Google Robot Tech Can Understand You on a Human Level
With AI language skills you can command robots in plain English. The same AI tech can navigate the chaos of the real world.
The tech of teaching robots to understand language helps them deal with the open-ended complexity of the real world, as stated by Google.
Google has grafted its latest artificial intelligence technology for handling language, called PaLM, onto robots from Everyday Robots, which is one of the experimental divisions of parent company Alphabet. It showcases the resulting technology, called PaLM-SayCan, on Tuesday.
With the PalM robot, Google’s AI language model brings varied knowledge of the real world to help a robot interpret human commands and place together a sequence of actions to respond. That’s a big difference when compared with the precisely scripted actions most robots follow in tightly controlled circumstances like installing windshields on a car assembly line. Essentially, Google also factors in the robot’s abilities as a way to set the course of action that’s possible with the robot’s skills and environment.
Google’s PaLM-SayCan robots use AI language models to decode that picking up a sponge is useful for someone who needs help with a spilled drink.

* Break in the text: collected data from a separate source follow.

lemma cycle_1_k_2_mem:
  assumes "k \<in> {3..n}"
  shows "cycle_of_list [1, k, 2] \<in> L"
  using comp_closed[OF base[OF assms] base[OF assms]] cycle_of_list_square3[of 1 2 k] assms by auto

lemma cycle_2_j_k_mem:
  assumes "j \<in> {3..n}" "k \<in> {3..n}" "j \<noteq> k"
  shows "cycle_of_list [2, j, k] \<in> L"
  using three_cycle_conj[OF base[OF assms(1)] _ base[OF assms(2)]] assms by (simp add: transpose_def)

lemma cycle_1_j_k_mem:
  assumes "j \<in> {3..n}" "k \<in> {3..n}" "j \<noteq> k"
  shows "cycle_of_list [1, j, k] \<in> L"
proof -
  have "\<exists>x\<in>{3, 4, 5}. x \<noteq> j \<and> x \<noteq> k" by auto
  then obtain x where "x \<in> {3, 4, 5}" "x \<noteq> j" "x \<noteq> k" by blast
  then have x: "x \<in> {3..n}" "x \<noteq> j" "x \<noteq> k" using n by auto
  show ?thesis
    using three_cycle_conj[OF cycle_2_j_k_mem[OF assms(1) x(1)] _ base[OF assms(2)]] assms x
    by (simp add: transpose_def)
qed

lemma cycle_mem_if_ge_3:
  assumes "a \<in> {3..n}" "b \<in> {3..n}" "c \<in> {3..n}" "distinct [a, b, c]"
  shows "cycle_of_list [a, b, c] \<in> L"
  using three_cycle_conj[OF cycle_1_k_2_mem[OF assms(1)] _ cycle_1_j_k_mem[OF assms(2,3)]] assms
  by (simp add: transpose_def)

lemma cycle_mem_if_least_first:
  assumes abc: "{a, b, c} \<subseteq> {1..n}" "distinct [a, b, c]" "a < b" "a < c"
  shows "cycle_of_list [a, b, c] \<in> L"
proof -
  from abc have "a = 1 \<and> b = 2 \<or> a = 1 \<and> c = 2 \<or> a = 1 \<and> 3 \<le> b \<and> 3 \<le> c
      \<or> a = 2 \<and> 3 \<le> b \<and> 3 \<le> c \<or> 3 \<le> a"
    by auto
  then show ?thesis
  proof (elim disjE conjE)
    assume "a = 1" "b = 2"
    moreover have "c \<in> {3..n}" using abc \<open>b = 2\<close> by auto
    ultimately show ?thesis using base by (simp del: cycle_of_list.simps)
  next
    assume "a = 1" "c = 2"
    moreover have "b \<in> {3..n}" using abc \<open>c = 2\<close> by auto
    ultimately show ?thesis using cycle_1_k_2_mem by (simp del: cycle_of_list.simps)
  next
    assume "a = 1" "3 \<le> b" "3 \<le> c"
    then show ?thesis using cycle_1_j_k_mem[of b c] abc by (simp del: cycle_of_list.simps)
  next
    assume "a = 2" "3 \<le> b" "3 \<le> c"
    then show ?thesis using cycle_2_j_k_mem[of b c] abc by (simp del: cycle_of_list.simps)
  next
    assume "3 \<le> a"
    then show ?thesis using cycle_mem_if_ge_3[of a b c] abc by (simp del: cycle_of_list.simps)
  qed
qed

lemma eq_carrier_if_three_cycles_through_1_2: "L = carrier (alt_group n)"
proof -
  have "three_cycles n \<subseteq> L"
  proof
    fix p assume "p \<in> three_cycles n"
    then obtain cs where cs: "p = cycle_of_list cs" "cycle cs" "length cs = 3" "set cs \<subseteq> {1..n}"
      by auto
    then obtain a b c where abc: "cs = [a, b, c]" using stupid_lemma by blast
    have d: "distinct [a, b, c]" "distinct [b, c, a]" "distinct [c, a, b]" using cs(2) abc by auto
    have sub: "{a, b, c} \<subseteq> {1..n}" "{b, c, a} \<subseteq> {1..n}" "{c, a, b} \<subseteq> {1..n}"
      using cs(4) abc by auto
    have "a < b \<and> a < c \<or> b < c \<and> b < a \<or> c < a \<and> c < b" using d(1) by auto
    then have "cycle_of_list [a, b, c] \<in> L"
      using cycle_mem_if_least_first[OF sub(1) d(1)] cycle_mem_if_least_first[OF sub(2) d(2)]
        cycle_mem_if_least_first[OF sub(3) d(3)] cycle_of_list_rotate3[OF d(1)]
        cycle_of_list_rotate3[OF d(3)]
      by (auto simp del: cycle_of_list.simps)
    then show "p \<in> L" using cs(1) abc by simp
  qed
  then have "generate (alt_group n) (three_cycles n) \<subseteq> L"
    using group.generate_subgroup_incl[OF alt_group_is_group _ is_subgroup] by blast
  then show ?thesis
    using alt_group_carrier_as_three_cycles subgroup.subset[OF is_subgroup] by blast
qed

end

end

definition long_cycle :: "nat \<Rightarrow> nat \<Rightarrow> nat" where
  "long_cycle n = cycle_of_list [1..<Suc n]"

lemma funpow_long_cycle:
  assumes "i \<in> {1..n}"
  shows "(long_cycle n ^^ m) i = (i - 1 + m) mod n + 1"
proof -
  have i: "i - 1 < length [1..<Suc n]" using assms by auto
  have "map (long_cycle n ^^ m) [1..<Suc n] = rotate m [1..<Suc n]"
    unfolding long_cycle_def by (rule cyclic_rotation) simp
  then have "(long_cycle n ^^ m) ([1..<Suc n] ! (i - 1)) = rotate m [1..<Suc n] ! (i - 1)"
    by (metis nth_map i)
  also have "\<dots> = [1..<Suc n] ! ((m + (i - 1)) mod n)"
    using i by (simp add: nth_rotate del: upt_Suc)
  finally show ?thesis using assms by (simp add: add.commute del: upt_Suc)
qed

lemma long_cycle_apply: "i \<in> {1..n} \<Longrightarrow> long_cycle n i = i mod n + 1"
  using funpow_long_cycle[of i n 1] by simp

lemma long_cycle_permutes: "long_cycle n permutes {1..n}"
  using cycle_permutes[of "[1..<Suc n]"] unfolding long_cycle_def
  by (simp add: atLeastLessThanSuc_atLeastAtMost del: upt_Suc)

lemma long_cycle_funpow_self: "long_cycle n ^^ n = id"
proof
  fix i
  show "(long_cycle n ^^ n) i = id i"
  proof (cases "i \<in> {1..n}")
    case True
    then have "i - 1 < n" by auto
    then have "(i - 1 + n) mod n = i - 1" by (simp only: mod_add_self2 mod_less)
    then show ?thesis using funpow_long_cycle[OF True, of n] True by simp
  next
    case False
    then show ?thesis using permutes_not_in[OF permutes_funpow[OF long_cycle_permutes]] by simp
  qed
qed

lemma long_cycle_in_alt_group:
  assumes "odd n" "n \<le> m"
  shows "long_cycle n \<in> carrier (alt_group m)"
proof -
  have "0 < n" using assms(1) by (rule odd_pos)
  then show ?thesis
    unfolding long_cycle_def using assms by (intro cycle_of_list_in_alt_group) (auto simp del: upt_Suc)
qed

lemma long_cycle_3: "long_cycle 3 = cycle_of_list [1, 2, 3]"
  by (simp add: long_cycle_def upt_rec numeral_3_eq_3 numeral_2_eq_2)

lemma (in alt_subgroup) consecutive_three_cycle_mem:
  assumes c: "long_cycle n \<in> L" and d: "cycle_of_list [1, 2, 3] \<in> L"
    and j: "1 \<le> j" "Suc (Suc j) \<le> n"
  shows "cycle_of_list [j, Suc j, Suc (Suc j)] \<in> L"
proof -
  have "(long_cycle n ^^ (j - 1)) i = i + (j - 1)" if "i \<in> {1..3}" for i
  proof -
    have "i - 1 + (j - 1) < n" using that j by auto
    then show ?thesis using funpow_long_cycle[of i n "j - 1"] that j(2) by auto
  qed
  then show ?thesis using three_cycle_conj[OF funpow_closed[OF c] _ d, of "j - 1"] j(1)
    by (simp add: numeral_3_eq_3)
qed

lemma (in alt_subgroup) eq_carrier_if_long_cycle_mem:
  assumes n: "5 \<le> n" and c: "long_cycle n \<in> L" and d: "cycle_of_list [1, 2, 3] \<in> L"
  shows "L = carrier (alt_group n)"
proof (rule eq_carrier_if_three_cycles_through_1_2[OF n])
  have "k \<le> n \<longrightarrow> cycle_of_list [1, 2, k] \<in> L" if "3 \<le> k" for k
    using that
  proof (induction k rule: nat_induct_at_least)
    case base
    then show ?case using d by blast
  next
    case (Suc k)
    show ?case
    proof
      assume "Suc k \<le> n"
      then have IH: "cycle_of_list [1, 2, k] \<in> L" using Suc by (simp del: cycle_of_list.simps)
      txt \<open>Conjugating \<open>(1 2 k)\<close> by a 3-cycle of consecutive points \<open>\<ge> 3\<close> that maps \<open>k\<close>
        to \<open>k + 1\<close> gives \<open>(1 2 (k + 1))\<close>.\<close>
      define j where "j = (if Suc (Suc k) \<le> n then k else k - 1)"
      have j: "3 \<le> j" "Suc (Suc j) \<le> n" "k = j \<or> k = Suc j"
        using Suc.hyps \<open>Suc k \<le> n\<close> n unfolding j_def by auto
      let ?s = "cycle_of_list [j, Suc j, Suc (Suc j)]"
      have "?s 1 = 1" "?s 2 = 2" "?s k = Suc k"
        using j by (auto simp: transpose_def)
      then show "cycle_of_list [1, 2, Suc k] \<in> L"
        using three_cycle_conj[OF consecutive_three_cycle_mem[OF c d, of j] _ IH] j Suc.hyps
        by (auto simp del: cycle_of_list.simps)
    qed
  qed
  then show "cycle_of_list [1, 2, k] \<in> L" if "k \<in> {3..n}" for k
    using that by (auto simp del: cycle_of_list.simps)
qed

definition powers :: "('a \<Rightarrow> 'a) \<Rightarrow> ('a \<Rightarrow> 'a) set" where
  "powers g = range (\<lambda>k. g ^^ k)"

lemma mem_powers_self: "g \<in> powers g"
  unfolding powers_def using rangeI[of "\<lambda>k. g ^^ k" 1] by simp

lemma subgroup_powers:
  assumes g: "g \<in> carrier (alt_group n)"
  shows "subgroup (powers g) (alt_group n)"
proof -
  obtain m where m: "g ^^ m = id" "0 < m"
    using permutation_is_nilpotent alt_group_carrier'[OF g] by metis
  show ?thesis
  proof (rule group.subgroupI[OF alt_group_is_group])
    show "powers g \<subseteq> carrier (alt_group n)" unfolding powers_def using alt_carrier.funpow_closed g by blast
    show "powers g \<noteq> {}" unfolding powers_def by blast
    show "h \<otimes>\<^bsub>alt_group n\<^esub> h' \<in> powers g" if "h \<in> powers g" "h' \<in> powers g" for h h'
      using that unfolding powers_def by (auto simp: alt_group_mult funpow_add[symmetric])
    show "inv\<^bsub>alt_group n\<^esub> h \<in> powers g" if h: "h \<in> powers g" for h
    proof -
      obtain k where h: "h = g ^^ k" using h unfolding powers_def by blast
      have "k + (m - 1) * k = m * k" "(m - 1) * k + k = m * k"
        using m(2) by (cases m; simp)+
      moreover have "g ^^ (m * k) = id" by (metis funpow_mult id_funpow m(1))
      ultimately have "g ^^ (k + (m - 1) * k) = id" "g ^^ ((m - 1) * k + k) = id"
        by (simp_all add: add.commute)
      then have "inv' h = g ^^ ((m - 1) * k)"
        unfolding h by (intro inv_unique_comp) (simp_all add: funpow_add)
      then show ?thesis using h alt_carrier.funpow_closed[OF g] unfolding powers_def
        by (simp add: alt_group_inv_equality)
    qed
  qed
qed

lemma powers_in_vertices:
  assumes "g \<in> carrier (alt_group n)" "g \<noteq> id" "h \<in> carrier (alt_group n)" "h \<notin> powers g"
  shows "powers g \<in> intersection_graph_vertices (alt_group n)"
  using subgroup_powers[OF assms(1)] assms(2-4) mem_powers_self[of g]
  unfolding intersection_graph_vertices_def by (auto simp: alt_group_one)

lemma (in alt_subgroup) mem_if_meets_powers:
  assumes "prime p" "g ^^ p = id" and meets: "powers g \<inter> L \<noteq> {id}"
  shows "g \<in> L"
proof -
  have "id \<in> powers g" unfolding powers_def using rangeI[of "\<lambda>k. g ^^ k" 0] by simp
  then obtain k where k: "g ^^ k \<in> L" "g ^^ k \<noteq> id"
    using meets id_mem unfolding powers_def by blast
  have "\<not> p dvd k"
  proof
    assume "p dvd k"
    then have "g ^^ k = (g ^^ p) ^^ (k div p)" by (simp add: funpow_mult)
    then show False using assms(2) k(2) by simp
  qed
  then have "gcd k p = 1"
    using prime_imp_coprime[OF assms(1)] by (simp add: coprime_commute coprime_iff_gcd_eq_1)
  moreover have "k \<noteq> 0" using \<open>\<not> p dvd k\<close> by (metis dvd_0_right)
  ultimately obtain x y where xy: "k * x = p * y + 1" using bezout_nat[of k p] by auto
  have "(g ^^ k) ^^ x = g ^^ (p * y + 1)" by (simp add: funpow_mult xy)
  also have "\<dots> = (g ^^ p) ^^ y \<circ> g" by (simp add: funpow_mult funpow_Suc_right del: funpow.simps)
  also have "\<dots> = g" using assms(2) by simp
  finally show ?thesis using funpow_closed[OF k(1)] by metis
qed

section \<open>Fixed-point-free permutations of prime degree\<close>

lemma card_dvd_if_least_power_const:
  assumes x: "x permutes S" "finite S" and e: "\<And>a. a \<in> S \<Longrightarrow> least_power x a = e"
  shows "e dvd card S"
proof -
  have perm: "permutation x" using x permutation_permutes by blast
  define orb where "orb a = set (support x a)" for a
  have self: "a \<in> orb a" for a
    unfolding orb_def using least_power_of_permutation(2)[OF perm, of a] by force
  have orb_sub: "orb a \<subseteq> S" if "a \<in> S" for a
    unfolding orb_def using permutes_in_image[OF permutes_funpow[OF x(1)]] that by auto
  have card_orb: "card (orb a) = e" if "a \<in> S" for a
    unfolding orb_def using distinct_card[OF cycle_of_permutation[OF perm, of a]] e[OF that] by simp
  have orb_eq: "b \<in> orb a \<longleftrightarrow> orb b = orb a" for a b
    using disjointD[OF disjoint_support[OF perm], of "orb a" "orb b"] self[of b]
    unfolding orb_def by blast
  define r where "r = {(a, b). a \<in> S \<and> b \<in> S \<and> orb a = orb b}"
  have "equiv S r" unfolding r_def equiv_def refl_on_def sym_def trans_def by auto
  moreover have "e dvd card X" if X: "X \<in> S // r" for X
  proof -
    obtain a where a: "a \<in> S" "X = r `` {a}" using X unfolding quotient_def by blast
    then have "X = {b \<in> S. orb a = orb b}" unfolding r_def by auto
    also have "\<dots> = orb a" using orb_eq orb_sub[OF a(1)] by blast
    finally show ?thesis using card_orb[OF a(1)] by simp
  qed
  ultimately show ?thesis using equiv_imp_dvd_card[OF x(2)] by blast
qed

This is a research project that’s ready for prime time. But it has been in its testing phase in an actual office kitchen, not like a controlled environment, to build robots that can be useful in the unpredictable activities of our actual lives. Like other projects of Tesla’s bipedal Optimus bot, Boston Dynamics’ creations, and Amazon’s Astro, it indicates how robots could eventually move out of science fiction.

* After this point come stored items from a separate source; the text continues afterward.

lemma paths_meet_if_chords_cross:
  fixes a b c d z :: complex and g h :: "real \<Rightarrow> complex"
  assumes sphere: "a \<in> sphere z r" "b \<in> sphere z r" "c \<in> sphere z r" "d \<in> sphere z r"
    and distinct: "a \<noteq> b" "a \<noteq> c" "a \<noteq> d" "b \<noteq> c" "b \<noteq> d" "c \<noteq> d"
    and cross: "closed_segment a b \<inter> closed_segment c d \<noteq> {}"
    and g: "path g" "path_image g \<subseteq> cball z r" "pathstart g = a" "pathfinish g = b"
    and h: "path h" "path_image h \<subseteq> cball z r" "pathstart h = c" "pathfinish h = d"
  shows "path_image g \<inter> path_image h \<noteq> {}"
proof
  assume disjoint: "path_image g \<inter> path_image h = {}"
  obtain x where x: "x \<in> closed_segment a b" "x \<in> closed_segment c d"
    using cross by blast
  obtain s t where st: "0 < s" "s < 1" "a = x - s *\<^sub>R (b - a)"
    "0 < t" "t < 1" "c = x - t *\<^sub>R (d - c)" and D: "Im ((b - a) * cnj (d - c)) \<noteq> 0"
    using crossing_chords_transversal[OF sphere distinct x] by blast
  define v w where "v = b - a" and "w = d - c"
  have "v \<noteq> 0" "w \<noteq> 0" and transversal: "Im (v * cnj w) \<noteq> 0"
    using distinct D by (auto simp: v_def w_def)
  have on_lines: "a = x + (- s) *\<^sub>R v" "b = x + (1 - s) *\<^sub>R v"
    "c = x + (- t) *\<^sub>R w" "d = x + (1 - t) *\<^sub>R w"
    using st by (simp_all add: v_def w_def algebra_simps)
  have "x \<in> cball z r"
    using x(1) sphere(1,2) convex_cball[of z r] closed_segment_subset[of a "cball z r" b] by auto
  then obtain L where "1 \<le> L" and cball_in_P:
    "cball z r \<subseteq> (\<lambda>y. x + plane_coordinates v w y) ` cbox (vector [-L, -L]) (vector [L, L])"
    using cball_subset_parallelogram[OF transversal] by blast
  define P where "P = (\<lambda>y. x + plane_coordinates v w y) ` cbox (vector [-L, -L]) (vector [L, L])"
  have axes_in_P: "x + \<mu> *\<^sub>R v \<in> P" "x + \<mu> *\<^sub>R w \<in> P" if "\<bar>\<mu>\<bar> \<le> L" for \<mu>
  proof -
    have "(vector [\<mu>, 0] :: real^2) \<in> cbox (vector [-L, -L]) (vector [L, L])"
      "(vector [0, \<mu>] :: real^2) \<in> cbox (vector [-L, -L]) (vector [L, L])"
      using that \<open>1 \<le> L\<close> by (simp_all add: mem_box_cart forall_2 abs_le_iff)
    then show "x + \<mu> *\<^sub>R v \<in> P" "x + \<mu> *\<^sub>R w \<in> P"
      by (force simp: P_def plane_coordinates_def)+
  qed
  define F G where "F = chord_extension x v L g" and "G = chord_extension x w L h"
  define Ev Ew where "Ev = (\<lambda>\<mu>. x + \<mu> *\<^sub>R v) ` ({-L..-s} \<union> {1 - s..L})"
    and "Ew = (\<lambda>\<nu>. x + \<nu> *\<^sub>R w) ` ({-L..-t} \<union> {1 - t..L})"
  note F = chord_extension_properties[OF g(1) g(3,4)[unfolded on_lines] st(1,2) \<open>1 \<le> L\<close>, folded F_def Ev_def]
  note G = chord_extension_properties[OF h(1) h(3,4)[unfolded on_lines] st(4,5) \<open>1 \<le> L\<close>, folded G_def Ew_def]
  have "Ev \<subseteq> P" "Ew \<subseteq> P"
    unfolding Ev_def Ew_def using axes_in_P st \<open>1 \<le> L\<close> by auto
  then have "path_image F \<subseteq> P" "path_image G \<subseteq> P"
    unfolding F(4) G(4) using g(2) h(2) cball_in_P[folded P_def] by auto
  then have "path_image F \<inter> path_image G \<noteq> {}"
    unfolding P_def
    by (rule fashoda_affine_image[OF linear_plane_coordinates inj_plane_coordinates[OF transversal] F(1) G(1),
          where pf = "vector [-L, 0]" and qf = "vector [L, 0]" and pg = "vector [0, -L]" and qg = "vector [0, L]"])
       (simp_all add: F(2,3) G(2,3) plane_coordinates_def)
  then obtain p where p: "p \<in> path_image F" "p \<in> path_image G"
    by blast
  have "path_image F \<inter> cball z r \<subseteq> path_image g" "path_image G \<inter> cball z r \<subseteq> path_image h"
    using chord_extension_inter_cball[OF g(1) g(3,4)[unfolded on_lines] st(1,2) \<open>1 \<le> L\<close> \<open>v \<noteq> 0\<close>
        sphere(1,2)[unfolded on_lines]]
      chord_extension_inter_cball[OF h(1) h(3,4)[unfolded on_lines] st(4,5) \<open>1 \<le> L\<close> \<open>w \<noteq> 0\<close>
        sphere(3,4)[unfolded on_lines]]
    unfolding F_def G_def .
  have "Ev \<inter> Ew = {}"
  proof (rule equals0I)
    fix q assume "q \<in> Ev \<inter> Ew"
    then obtain \<mu> \<nu> where "\<mu> \<in> {-L..-s} \<union> {1 - s..L}" "q = x + \<mu> *\<^sub>R v" "q = x + \<nu> *\<^sub>R w"
      unfolding Ev_def Ew_def by blast
    moreover from this have "\<mu> = 0"
      using Im_cnj_neq_0_imp_independent[OF transversal, of \<mu> "- \<nu>"] by simp
    ultimately show False
      using st(1,2) by auto
  qed
  then have "p \<in> path_image g \<union> path_image h"
    using p F(4) G(4) by blast
  then have "p \<in> path_image g \<inter> path_image h"
    using p g(2) h(2) \<open>path_image F \<inter> cball z r \<subseteq> path_image g\<close>
      \<open>path_image G \<inter> cball z r \<subseteq> path_image h\<close> by blast
  then show False
    using disjoint by blast
qed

During the testing phase, a Google AI researcher says to a PaLM-SayCan robot, “I spilled my drink, can you help?” it sails on its wheels through a kitchen in a Google office building, and with its digital camera vision, it spots a sponge at the counter and picks it with its motorized arm and carries it back to the researcher. The robot also recognizes cans of Pepsi and Coke, opens drawers, and equally locates bags of chips. With the PaLM’s abstraction abilities, it can even understand that yellow, green, and blue bowls can metaphorically represent a desert, jungle, and ocean, respectively.

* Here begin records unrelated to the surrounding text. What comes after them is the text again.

lemma qseries_field_differentiable:
  fixes \<rho> :: "complex \<Rightarrow> complex"
  assumes Q: "Q > 1" and decay: "\<rho> \<in> O[at_infinity](\<lambda>Y. 1 / Y)" and hol: "\<rho> holomorphic_on - {0, 1}"
    and X0: "X0 \<noteq> 0" and orbit: "\<And>k. X0 * of_real Q ^ k \<noteq> 1"
  shows "qseries \<rho> Q field_differentiable at X0"
proof -
  obtain b c where b: "b \<ge> 2" and c: "c > 0" and bound: "\<And>Y. b \<le> norm Y \<Longrightarrow> norm (\<rho> Y) \<le> c / norm Y"
    using bigo_inverse_boundE[OF decay] by blast
  define a where "a = norm X0 / 2"
  have a: "a > 0"
    using X0 by (simp add: a_def)
  obtain N where "b / a < Q ^ N"
    using real_arch_pow[OF Q] by blast
  then have N: "b \<le> a * Q ^ N"
    using a by (simp add: field_simps)
  have \<rho>_diff: "\<rho> field_differentiable at Y" if "Y \<noteq> 0" "Y \<noteq> 1" for Y
    using hol that by (intro holomorphic_on_imp_differentiable_at[of _ "- {0, 1}"]) auto
  define S :: "complex set" where "S = - cball 0 a"
  have tail_diff: "(\<lambda>X. \<rho> (X * of_real Q ^ (k + N))) field_differentiable at X" if "X \<in> S" for X k
  proof -
    have "2 \<le> norm (X * of_real Q ^ (k + N))"
      using qseries_tail_bound(1)[OF Q a N _ bound c, of X k] that b by (simp add: S_def)
    moreover have "Y \<noteq> 0" "Y \<noteq> 1" if "2 \<le> norm Y" for Y :: complex
      using that by auto
    ultimately show ?thesis
      by (intro field_differentiable_at_mult_const \<rho>_diff)
  qed
  obtain g g' where g: "\<forall>X\<in>S. (\<lambda>k. \<rho> (X * of_real Q ^ (k + N))) sums g X \<and>
      (\<lambda>k. deriv (\<lambda>X. \<rho> (X * of_real Q ^ (k + N))) X) sums g' X \<and> (g has_field_derivative g' X) (at X)"
  proof (rule series_and_derivative_comparison[where h = "\<lambda>k. c / (a * Q ^ N) * (1 / Q) ^ k"])
    show "open S"
      by (simp add: S_def open_Compl)
    show "summable (\<lambda>k. c / (a * Q ^ N) * (1 / Q) ^ k)"
      using Q by (intro summable_mult summable_geometric) simp
    show "\<forall>\<^sub>F k in sequentially. \<forall>X\<in>S. norm (\<rho> (X * of_real Q ^ (k + N))) \<le> c / (a * Q ^ N) * (1 / Q) ^ k"
      using qseries_tail_bound(2)[OF Q a N _ bound c] by (simp add: S_def)
  qed (use tail_diff field_differentiable_derivI in blast)+
  have head_diff: "(\<lambda>X. \<Sum>k<N. \<rho> (X * of_real Q ^ k)) field_differentiable at X0"
    using X0 orbit Q by (intro field_differentiable_sum field_differentiable_at_mult_const \<rho>_diff) auto
  have g_diff: "g field_differentiable at X0"
    using g X0 a by (auto simp: S_def a_def field_differentiable_def)
  have split: "(\<Sum>k<N. \<rho> (X * of_real Q ^ k)) + g X = qseries \<rho> Q X" if "dist X X0 < a" for X
  proof -
    have "norm X0 - norm X \<le> dist X X0"
      by (metis dist_commute dist_norm norm_triangle_ineq2)
    then have X: "X \<in> S" "X \<noteq> 0"
      using that a by (auto simp: S_def a_def)
    have "(\<lambda>k. \<rho> (X * of_real Q ^ (k + N))) sums g X"
      using g X by blast
    then show ?thesis
      using suminf_split_initial_segment[OF summable_qseries[OF Q decay X(2)], of N]
      by (simp add: qseries_def sums_iff)
  qed
  show ?thesis
    by (rule field_differentiable_transform_within[OF a UNIV_I _ field_differentiable_add[OF head_diff g_diff]])
       (simp add: split)
qed

lemma qseries_mult:
  fixes \<rho> :: "complex \<Rightarrow> complex"
  assumes Q: "Q > 1" and decay: "\<rho> \<in> O[at_infinity](\<lambda>Y. 1 / Y)" and X: "X \<noteq> 0"
  shows "qseries \<rho> Q (X * of_real Q) = qseries \<rho> Q X - \<rho> X"
  using suminf_split_head[OF summable_qseries[OF assms]]
  by (simp add: qseries_def mult.assoc)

“As we improve the language models, the robotic performance also improves,” said Karol Hausman, a senior research scientist at Google who was part of the Google robot demonstrators.
The rapid advancement of AI, has profoundly transformed how computer technology works and what it can do. With modern neural network technology, which is loosely modeled on human brains and also known as deep learning, AI systems are trained on vast quantities of routine real-world data. After seeing many photos of a kitty, for example, AI systems can recognize one without having to be told it usually has four legs, pointy ears, and whiskers.
Google used an about 6,144-processor machine to train PaLM, short for Pathways Language Model, on a vast multilingual collection of web documents, books, Wikipedia articles, conversations, and programming code seen on Microsoft’s GitHub site. The outcome is a robot that can explain jokes, complete sentences, answer questions, and follow its chain of thoughts to reason.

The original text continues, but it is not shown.